It's good to see that there are more articulate people than me here, this is what I was trying to get at. If I ever get my hands on a Push, I would do some testing/comparison. Consistency is the thing id be looking for, do I get similar results more often that with usual tamping. Even then, I guess it would be difficult to draw any conclusions that were reliable for anything other than the grinder and coffee that you're using for the tests.


----------



## dsc

I was always a firm believer in light tamps, but I've done a full 180deg after a few super hard tamp tests yesterday. This is on an L1 lever.

T.


----------



## coffeechap

I am still a medium tamper, have never done the grind super fine tamp light, but I know it works for many


----------



## robashton

I'm surprised nobody seems to have linked this (That I was able to see)

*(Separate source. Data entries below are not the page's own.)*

text \<open>A factor a has ordered vertex tuple (vx a 0, ..., vx a (r-1)) (0-indexed).\<close>

definition vset :: "('a \<Rightarrow> nat \<Rightarrow> 'v) \<Rightarrow> nat \<Rightarrow> 'a \<Rightarrow> 'v set" where
  "vset vx r a = vx a ` {..<r}"

definition fdeg :: "'a set \<Rightarrow> ('a \<Rightarrow> nat \<Rightarrow> 'v) \<Rightarrow> nat \<Rightarrow> 'v \<Rightarrow> 'a set" where
  "fdeg E vx r i = {a \<in> E. i \<in> vset vx r a}"

definition pos :: "('a \<Rightarrow> nat \<Rightarrow> 'v) \<Rightarrow> nat \<Rightarrow> 'a \<Rightarrow> 'v \<Rightarrow> nat" where
  "pos vx r b j = (THE \<iota>. \<iota> < r \<and> vx b \<iota> = j)"

text \<open>The factor graph has no cycle of length (2k) less than n.
  A cycle of length 2k (k >= 2) alternates k distinct variables and k distinct factors.\<close>
definition no_short_cycle :: "'a set \<Rightarrow> ('a \<Rightarrow> nat \<Rightarrow> 'v) \<Rightarrow> nat \<Rightarrow> nat \<Rightarrow> bool" where
  "no_short_cycle E vx r n \<longleftrightarrow>
     \<not> (\<exists>k vs fs. 2 \<le> k \<and> 2 * k < n \<and> length vs = k \<and> length fs = k \<and>
          distinct vs \<and> distinct fs \<and> set fs \<subseteq> E \<and>
          (\<forall>t<k. vs ! t \<in> vset vx r (fs ! t) \<and> vs ! ((t + 1) mod k) \<in> vset vx r (fs ! t)))"

definition adjv :: "'a set \<Rightarrow> ('a \<Rightarrow> nat \<Rightarrow> 'v) \<Rightarrow> nat \<Rightarrow> 'v \<Rightarrow> 'v \<Rightarrow> bool" where
  "adjv E vx r j k \<longleftrightarrow> (\<exists>a\<in>E. j \<in> vset vx r a \<and> k \<in> vset vx r a)"

definition vball :: "'v set \<Rightarrow> 'a set \<Rightarrow> ('a \<Rightarrow> nat \<Rightarrow> 'v) \<Rightarrow> nat \<Rightarrow> 'v \<Rightarrow> nat \<Rightarrow> 'v set" where
  "vball V E vx r i l = {j \<in> V. \<exists>k\<le>l. (adjv E vx r ^^ k) i j}"

definition cube :: "nat \<Rightarrow> (nat \<Rightarrow> real) set" where
  "cube r = (\<Pi>\<^sub>E \<iota>\<in>{..<r}. {-1, 1})"

definition fourier :: "nat \<Rightarrow> ((nat \<Rightarrow> real) \<Rightarrow> real) \<Rightarrow> nat set \<Rightarrow> real" where
  "fourier r f S = (\<Sum>x\<in>cube r. f x * (\<Prod>\<iota>\<in>S. x \<iota>)) / 2 ^ r"

definition mlext :: "nat \<Rightarrow> ((nat \<Rightarrow> real) \<Rightarrow> real) \<Rightarrow> (nat \<Rightarrow> real) \<Rightarrow> real" where
  "mlext r f x = (\<Sum>S\<in>Pow {..<r}. fourier r f S * (\<Prod>\<iota>\<in>S. x \<iota>))"

definition mlderiv :: "nat \<Rightarrow> ((nat \<Rightarrow> real) \<Rightarrow> real) \<Rightarrow> nat \<Rightarrow> (nat \<Rightarrow> real) \<Rightarrow> real" where
  "mlderiv r f \<iota> x = (\<Sum>S\<in>{S\<in>Pow {..<r}. \<iota> \<in> S}. fourier r f S * (\<Prod>\<kappa>\<in>S - {\<iota>}. x \<kappa>))"

text \<open>A history h s i a stores w^s_{i->a} for s up to the current step.\<close>
definition u_of :: "(nat \<Rightarrow> 'v \<Rightarrow> 'a \<Rightarrow> real) \<Rightarrow> nat \<Rightarrow> 'v \<Rightarrow> 'a \<Rightarrow> real" where
  "u_of h s i a = h s i a - h (s - 1) i a"

text \<open>A^l_{i->a} = F_{->,l}(u^1,...,u^l), with the argument vector indexed 0..l-1.\<close>
definition A_of :: "(nat \<Rightarrow> (nat \<Rightarrow> real) \<Rightarrow> real) \<Rightarrow> (nat \<Rightarrow> 'v \<Rightarrow> 'a \<Rightarrow> real) \<Rightarrow> nat \<Rightarrow> 'v \<Rightarrow> 'a \<Rightarrow> real" where
  "A_of Fto h l i a = Fto l (restrict (\<lambda>k. u_of h (k + 1) i a) {..<l})"

definition z_of :: "('v \<Rightarrow> real) \<Rightarrow> (nat \<Rightarrow> (nat \<Rightarrow> real) \<Rightarrow> real) \<Rightarrow> (nat \<Rightarrow> 'v \<Rightarrow> 'a \<Rightarrow> real)
    \<Rightarrow> nat \<Rightarrow> 'v \<Rightarrow> 'a \<Rightarrow> real" where
  "z_of z0 Fto h l i a = z0 i + (\<Sum>s\<in>{1..l}. A_of Fto h (s - 1) i a * u_of h s i a)"

primrec whist :: "nat \<Rightarrow> 'a set \<Rightarrow> ('a \<Rightarrow> nat \<Rightarrow> 'v) \<Rightarrow> nat \<Rightarrow> ((nat \<Rightarrow> real) \<Rightarrow> real)
    \<Rightarrow> (nat \<Rightarrow> (nat \<Rightarrow> real) \<Rightarrow> real) \<Rightarrow> ('v \<Rightarrow> real) \<Rightarrow> nat \<Rightarrow> nat \<Rightarrow> 'v \<Rightarrow> 'a \<Rightarrow> real" where
  "whist r E vx d f Fto z0 0 = (\<lambda>s i a. 0)"
| "whist r E vx d f Fto z0 (Suc l) =
     (let h = whist r E vx d f Fto z0 l in
      (\<lambda>s i a. if s \<le> l then h s i a
        else (1 / sqrt (real d - 1)) *
          (\<Sum>b\<in>fdeg E vx r i - {a}.
             mlderiv r (\<lambda>x. f x) (pos vx r b i) (\<lambda>\<iota>. z_of z0 Fto h l (vx b \<iota>) b))))"

text \<open>u^l_{j->b} as a function of the initial Gaussian vector z0.\<close>
definition umsg :: "nat \<Rightarrow> 'a set \<Rightarrow> ('a \<Rightarrow> nat \<Rightarrow> 'v) \<Rightarrow> nat \<Rightarrow> ((nat \<Rightarrow> real) \<Rightarrow> real)
    \<Rightarrow> (nat \<Rightarrow> (nat \<Rightarrow> real) \<Rightarrow> real) \<Rightarrow> ('v \<Rightarrow> real) \<Rightarrow> nat \<Rightarrow> 'v \<Rightarrow> 'a \<Rightarrow> real" where
  "umsg r E vx d f Fto z0 l j b = u_of (whist r E vx d f Fto z0 l) l j b"

text \<open>z^0_i i.i.d. N(0, delta): product of normal laws with standard deviation sqrt delta.\<close>
definition gauss_space :: "'v set \<Rightarrow> real \<Rightarrow> ('v \<Rightarrow> real) measure" where
  "gauss_space V \<delta> = (\<Pi>\<^sub>M i\<in>V. density lborel (normal_density 0 (sqrt \<delta>)))"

http://socraticcoffee.com/2015/07/the-impact-of-tamping-pressure-on-espresso-extraction/

From my own tests, even my lightest most delicate tamp is over 5kg so easily falls within their test of "it makes no difference", furthermore Matt Perger (again reading the posts here saying he states to "tamp the crap out of it" is out of date, he's a light tamper now too).

I find that when I accidentally start tamping "too hard", I get massive variation in extraction because I'm the weakest link, just getting the tamper on and letting it do most of the work leads me with far more consistent results, this has less to do with tamping pressure per se and more to do with my ability to keep it flat whilst applying more tamping pressure.

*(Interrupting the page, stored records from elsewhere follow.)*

lemma independent_lpow:
  assumes "gen_subalgebra scale mult x = UNIV" "k \<le> dim (UNIV :: 'a set)"
  shows "independent (lpow x ` {..<k}) \<and> inj_on (lpow x) {..<k}"
  using assms(2)
proof (induction k)
  case 0
  show ?case by (simp add: independent_empty)
next
  case (Suc k)
  then have IH: "independent (lpow x ` {..<k})" "inj_on (lpow x) {..<k}" by simp_all
  have "lpow x k \<notin> span (lpow x ` {..<k})"
  proof
    assume "lpow x k \<in> span (lpow x ` {..<k})"
    then have "span (lpow x ` {..<k}) = UNIV" by (rule span_lpow_eq_UNIV[OF assms(1)])
    then have "dim (UNIV :: 'a set) \<le> card (lpow x ` {..<k})" by (intro dim_le_card) auto
    also have "\<dots> \<le> k" using card_image_le[of "{..<k}" "lpow x"] by simp
    finally show False using Suc.prems by simp
  qed
  then show ?case
    using IH by (auto simp: lessThan_Suc independent_insertI span_base)
qed

lemma lpow_basis:
  assumes "gen_subalgebra scale mult x = UNIV" "dim (UNIV :: 'a set) = n" "0 < n"
  shows "independent (lpow x ` {..<n}) \<and> inj_on (lpow x) {..<n} \<and> span (lpow x ` {..<n}) = UNIV"
proof -
  have indep: "independent (lpow x ` {..<n})" and inj: "inj_on (lpow x) {..<n}"
    using independent_lpow[OF assms(1)] assms(2) by simp_all
  have "lpow x n \<in> span (lpow x ` {..<n})"
  proof (rule ccontr)
    assume "lpow x n \<notin> span (lpow x ` {..<n})"
    then have "independent (lpow x ` {..<Suc n})" "inj_on (lpow x) {..<Suc n}"
      using indep inj by (auto simp: lessThan_Suc independent_insertI span_base)
    then have "Suc n \<le> dim (UNIV :: 'a set)"
      using independent_card_le_dim_UNIV[of "lpow x ` {..<Suc n}"] assms(2,3)
      by (simp add: card_image)
    then show False using assms(2) by simp
  qed
  then show ?thesis using indep inj span_lpow_eq_UNIV[OF assms(1)] by blast
qed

Tamping pressure itself (apparently) makes no difference (at least to TDS, I'm sure there some arguments it might make a difference to flavour*) according to Socratic so I'd hazard a guess that most people's variation from tamping pressure comes from their ability to be consistent at any given pressure rather than the pressure itself.

I tamp gently, let the grind size do the work and dispute that tamping hard allows you to use a coarser grind.

---

*also I bet that some of the taste differences found are imagined as a consequence of tamping harder, I have to slap myself occasionally when I let my own preconceptions get in the way of tasting coffee)


----------



## jeebsy

robashton said:


> Matt Perger (again reading the posts here saying he states to "tamp the crap out of it" is out of date, he's a light tamper now too).

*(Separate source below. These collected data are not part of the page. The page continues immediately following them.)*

(* Let $h_\bullet=(h_0,h_1,\ldots)$ be a sequence of nonnegative integers with $h_0=1$. Then $h_\bullet$ is unimodal at each tail if and only if there exist a field $k$, a polynomial ring $R=k[x_1,\ldots,x_n]$ and an almost reverse lexicographic ideal $I\subset R$ with $H(R/I,d)=h_d$ for all $d\ge0$.
   Context: $H(R/I,d)=\dim_k(R/I)_d$. Degree reverse lexicographic order: for $M=x^\alpha,N=x^\beta$, $M>N$ iff $\deg M>\deg N$, or degrees are equal and for the largest $s$ with $\alpha_s\neq\beta_s$ one has $\alpha_s<\beta_s$. A monomial ideal $I$ is almost reverse lexicographic if for every monomial $M$ and every minimal monomial generator $N$ of $I$ with $\deg M=\deg N$ and $M>N$, $M\in I$ (the zero ideal counts). For $h_\bullet$ with $h_0=1$: $h^{(0)}_\bullet=h_\bullet$ and, for $1\le i<h_1$, $h^{(i)}_0=1$, $h^{(i)}_d=\max\{0,h^{(i-1)}_d-h^{(i-1)}_{d-1}\}$ for $d\ge1$. For $0\le i<\max\{1,h_1\}$, $r_i=\min\{d\ge1:h^{(i)}_d\le h^{(i)}_{d-1}\}$ ($\infty$ if none), and $D(h_\bullet)=\min\{i:r_i<\infty\}$. Unimodal at each tail: for every $i$ with $D(h_\bullet)\le i<\max\{1,h_1\}$, $h^{(i)}_d\le h^{(i)}_{d-1}$ for all $d\ge r_i$. *)

theory Defs
  imports Main
begin

text \<open>Monomials of k[x_1,...,x_n] are encoded by exponent vectors
  alpha :: nat => nat with alpha i = 0 for i >= n (variable x_(i+1) has index i).
  A monomial ideal I of R is encoded by the set of monomials it contains;
  it is the k-span of these monomials.\<close>

definition mons :: "nat \<Rightarrow> (nat \<Rightarrow> nat) set" where
  "mons n = {\<alpha>. \<forall>i\<ge>n. \<alpha> i = 0}"

definition mdeg :: "nat \<Rightarrow> (nat \<Rightarrow> nat) \<Rightarrow> nat" where
  "mdeg n \<alpha> = (\<Sum>i<n. \<alpha> i)"

definition mdvd :: "(nat \<Rightarrow> nat) \<Rightarrow> (nat \<Rightarrow> nat) \<Rightarrow> bool" where
  "mdvd \<alpha> \<beta> \<longleftrightarrow> (\<forall>i. \<alpha> i \<le> \<beta> i)"

definition monomial_ideal :: "nat \<Rightarrow> (nat \<Rightarrow> nat) set \<Rightarrow> bool" where
  "monomial_ideal n I \<longleftrightarrow> I \<subseteq> mons n \<and>
     (\<forall>\<alpha>\<in>I. \<forall>\<beta>\<in>mons n. mdvd \<alpha> \<beta> \<longrightarrow> \<beta> \<in> I)"

definition min_gen :: "(nat \<Rightarrow> nat) set \<Rightarrow> (nat \<Rightarrow> nat) \<Rightarrow> bool" where
  "min_gen I N \<longleftrightarrow> N \<in> I \<and> (\<forall>M\<in>I. mdvd M N \<longrightarrow> M = N)"

definition revlex_gt :: "nat \<Rightarrow> (nat \<Rightarrow> nat) \<Rightarrow> (nat \<Rightarrow> nat) \<Rightarrow> bool" where
  "revlex_gt n \<alpha> \<beta> \<longleftrightarrow> mdeg n \<alpha> > mdeg n \<beta> \<or>
     (mdeg n \<alpha> = mdeg n \<beta> \<and>
      (\<exists>s<n. \<alpha> s \<noteq> \<beta> s \<and> (\<forall>t. s < t \<and> t < n \<longrightarrow> \<alpha> t = \<beta> t) \<and> \<alpha> s < \<beta> s))"

definition almost_revlex :: "nat \<Rightarrow> (nat \<Rightarrow> nat) set \<Rightarrow> bool" where
  "almost_revlex n I \<longleftrightarrow> monomial_ideal n I \<and>
     (\<forall>M\<in>mons n. \<forall>N. min_gen I N \<longrightarrow> mdeg n M = mdeg n N \<longrightarrow> revlex_gt n M N \<longrightarrow> M \<in> I)"

text \<open>H(R/I,d) = dim_k (R/I)_d = number of degree-d monomials not in I.\<close>
definition hilb :: "nat \<Rightarrow> (nat \<Rightarrow> nat) set \<Rightarrow> nat \<Rightarrow> nat" where
  "hilb n I d = card {\<alpha> \<in> mons n. mdeg n \<alpha> = d \<and> \<alpha> \<notin> I}"

text \<open>The sequences h^(i); on nat, max{0, a - b} is truncated subtraction a - b.\<close>
fun hder :: "(nat \<Rightarrow> nat) \<Rightarrow> nat \<Rightarrow> nat \<Rightarrow> nat" where
  "hder h 0 = h"
| "hder h (Suc i) = (\<lambda>d. if d = 0 then 1 else hder h i d - hder h i (d - 1))"

text \<open>r_i < infinity, and its value.\<close>
definition r_fin :: "(nat \<Rightarrow> nat) \<Rightarrow> nat \<Rightarrow> bool" where
  "r_fin h i \<longleftrightarrow> (\<exists>d\<ge>1. hder h i d \<le> hder h i (d - 1))"

definition r_val :: "(nat \<Rightarrow> nat) \<Rightarrow> nat \<Rightarrow> nat" where
  "r_val h i = (LEAST d. d \<ge> 1 \<and> hder h i d \<le> hder h i (d - 1))"

definition D_idx :: "(nat \<Rightarrow> nat) \<Rightarrow> nat" where
  "D_idx h = (LEAST i. i < max 1 (h 1) \<and> r_fin h i)"

definition unimodal_at_each_tail :: "(nat \<Rightarrow> nat) \<Rightarrow> bool" where
  "unimodal_at_each_tail h \<longleftrightarrow>
     (\<forall>i. D_idx h \<le> i \<and> i < max 1 (h 1) \<longrightarrow> r_fin h i \<longrightarrow>
        (\<forall>d\<ge>r_val h i. hder h i d \<le> hder h i (d - 1)))"

end

theory Submission
  imports Defs
begin

text \<open>Let \<open>I\<close> be almost reverse lexicographic in \<open>k + 1\<close> variables and let \<open>J\<close> consist of
  its monomials not involving the last variable. A minimal generator divisible by the last
  variable forces every monomial of its degree in the first \<open>k\<close> variables into \<open>I\<close>. Hence
  multiplication by the last variable is injective on standard monomials of degree \<open>d\<close>
  as long as \<open>J\<close> has standard monomials in degree \<open>d + 1\<close>: the first difference
  \<open>h\<^sup>(\<^sup>1\<^sup>)\<close> of \<open>h = H(R/I)\<close> is the Hilbert function of \<open>J\<close>, and once \<open>h\<close> fails to
  increase it never increases again. Induction on the number of variables makes every
  \<open>h\<^sup>(\<^sup>i\<^sup>)\<close> unimodal in this sense.

  Conversely, realize \<open>h\<^sup>(\<^sup>1\<^sup>)\<close> by induction with an ideal \<open>J\<close> in \<open>h\<^sub>1 - 1\<close> variables
  and lift it: up to the peak of \<open>h\<close> the standard monomials are those whose part in the
  first variables is standard for \<open>J\<close>; in a degree \<open>d\<close> beyond the peak they are the
  appropriate power of the last variable times the \<open>h\<^sub>d\<close> reverse lexicographically
  smallest standard monomials of peak degree.\<close>

section \<open>Monomials\<close>

lemma mdeg_Suc: "mdeg (Suc k) a = mdeg k a + a k"
  by (simp add: mdeg_def)

lemma mdeg_fun_upd_ge: "n \<le> j \<Longrightarrow> mdeg n (a(j := v)) = mdeg n a"
  unfolding mdeg_def by (rule sum.cong) auto

lemma mdeg_fun_upd_last: "mdeg (Suc k) (a(k := v)) = mdeg k a + v"
  by (simp add: mdeg_Suc mdeg_fun_upd_ge)

lemma mdeg_fun_upd: "j < n \<Longrightarrow> mdeg n (a(j := v)) + a j = mdeg n a + v"
  unfolding mdeg_def by (simp add: sum.remove[of "{..<n}" j])

lemma member_le_mdeg: "i < n \<Longrightarrow> a i \<le> mdeg n a"
  unfolding mdeg_def by (rule member_le_sum) auto

lemma mdvd_imp_mdeg_le: "mdvd a b \<Longrightarrow> mdeg n a \<le> mdeg n b"
  unfolding mdvd_def mdeg_def by (simp add: sum_mono)

lemma mdvd_fun_upd_Suc: "mdvd a (a(j := Suc (a j)))"
  unfolding mdvd_def by auto

lemma mdvd_fun_upd_pred: "mdvd (a(j := a j - 1)) a"
  unfolding mdvd_def by auto

lemma mons_Suc_iff: "a \<in> mons (Suc k) \<longleftrightarrow> a(k := 0) \<in> mons k"
  unfolding mons_def by auto

lemma mons_Suc_mono: "a \<in> mons k \<Longrightarrow> a \<in> mons (Suc k)"
  unfolding mons_def by auto

lemma mons_eq_0: "a \<in> mons k \<Longrightarrow> k \<le> i \<Longrightarrow> a i = 0"
  unfolding mons_def by auto

lemma mons_Suc_last_eq_0: "a \<in> mons (Suc k) \<Longrightarrow> a \<in> mons k \<longleftrightarrow> a k = 0"
  unfolding mons_def using Suc_leI le_neq_implies_less by blast

lemma mons_fun_upd: "j < n \<Longrightarrow> a \<in> mons n \<Longrightarrow> a(j := v) \<in> mons n"
  unfolding mons_def by auto

lemma mons_nonzero_less: "a \<in> mons n \<Longrightarrow> a j \<noteq> 0 \<Longrightarrow> j < n"
  by (rule ccontr) (auto simp: mons_def)

lemma finite_mons_deg: "finite {a \<in> mons n. mdeg n a = d}"
proof (rule finite_subset)
  show "{a \<in> mons n. mdeg n a = d} \<subseteq>
      {f. \<forall>x. (x \<in> {..<n} \<longrightarrow> f x \<in> {..d}) \<and> (x \<notin> {..<n} \<longrightarrow> f x = 0)}"
    by (auto simp: mons_def dest: member_le_mdeg)
qed (rule finite_set_of_finite_funs; simp)

lemma mdeg_eq_0_iff: "a \<in> mons n \<Longrightarrow> mdeg n a = 0 \<longleftrightarrow> a = (\<lambda>_. 0)"
  unfolding mons_def mdeg_def by (auto simp: fun_eq_iff) (meson not_less lessThan_iff)

lemma mdeg_neq_0_imp_ex: "mdeg n b \<noteq> 0 \<Longrightarrow> \<exists>j<n. b j \<noteq> 0"
  unfolding mdeg_def by auto

lemma mdvd_mdeg_eq_imp_eq:
  assumes "mdvd a b" "a \<in> mons n" "b \<in> mons n" "mdeg n a = mdeg n b"
  shows "a = b"
proof (rule ccontr)
  assume "a \<noteq> b"
  then obtain i where "a i \<noteq> b i" by blast
  with assms(2,3) have "i < n"
    using mons_nonzero_less[of a n i] mons_nonzero_less[of b n i] by (cases "a i = 0") auto
  moreover from \<open>a i \<noteq> b i\<close> assms(1) have "a i < b i"
    by (simp add: mdvd_def le_neq_implies_less)
  ultimately have "mdeg n a < mdeg n b"
    using assms(1)
    unfolding mdeg_def mdvd_def by (intro sum_strict_mono_ex1) auto
  with assms(4) show False by simp
qed

lemma monomial_ideal_subset: "monomial_ideal n I \<Longrightarrow> a \<in> I \<Longrightarrow> a \<in> mons n"
  unfolding monomial_ideal_def by auto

That barista hustle was October


----------



## robashton

Oh he's probably changed his mind three times since then - good point!

@jeebsy as you've actually got a tamper that lets you be consistent at various 'pressures', what difference have you noted? Is your choice arbitrary?


----------



## foundrycoffeeroasters.com

dsc said:


> I was always a firm believer in light tamps, but I've done a full 180deg after a few super hard tamp tests yesterday. This is on an L1 lever.
> 
> T.


Could you say something about why you changed what you're doing? What was the thinking behind it?


----------



## foundrycoffeeroasters.com

robashton said:


> I'm surprised nobody seems to have linked this (That I was able to see)
> 
> http://socraticcoffee.com/2015/07/the-impact-of-tamping-pressure-on-espresso-extraction/
> 
> From my own tests, even my lightest most delicate tamp is over 5kg so easily falls within their test of "it makes no difference", furthermore Matt Perger (again reading the posts here saying he states to "tamp the crap out of it" is out of date, he's a light tamper now too).
> 
> I find that when I accidentally start tamping "too hard", I get massive variation in extraction because I'm the weakest link, just getting the tamper on and letting it do most of the work leads me with far more consistent results, this has less to do with tamping pressure per se and more to do with my ability to keep it flat whilst applying more tamping pressure.
> 
> Tamping pressure itself (apparently) makes no difference (at least to TDS, I'm sure there some arguments it might make a difference to flavour*) according to Socratic so I'd hazard a guess that most people's variation from tamping pressure comes from their ability to be consistent at any given pressure rather than the pressure itself.
> 
> I tamp gently, let the grind size do the work and dispute that tamping hard allows you to use a coarser grind.
> 
> ---
> 
> *also I bet that some of the taste differences found are imagined as a consequence of tamping harder, I have to slap myself occasionally when I let my own preconceptions get in the way of tasting coffee)


Thanks for the link Rob. They only used tamping pressures between 5kg and 20kg though. 5kg still seems like a fairly hefty tamp to me, it's a shame they didn't go for a really light tamp. Still, I'm pretty happy to go with the 'makes no real difference' notion based in this.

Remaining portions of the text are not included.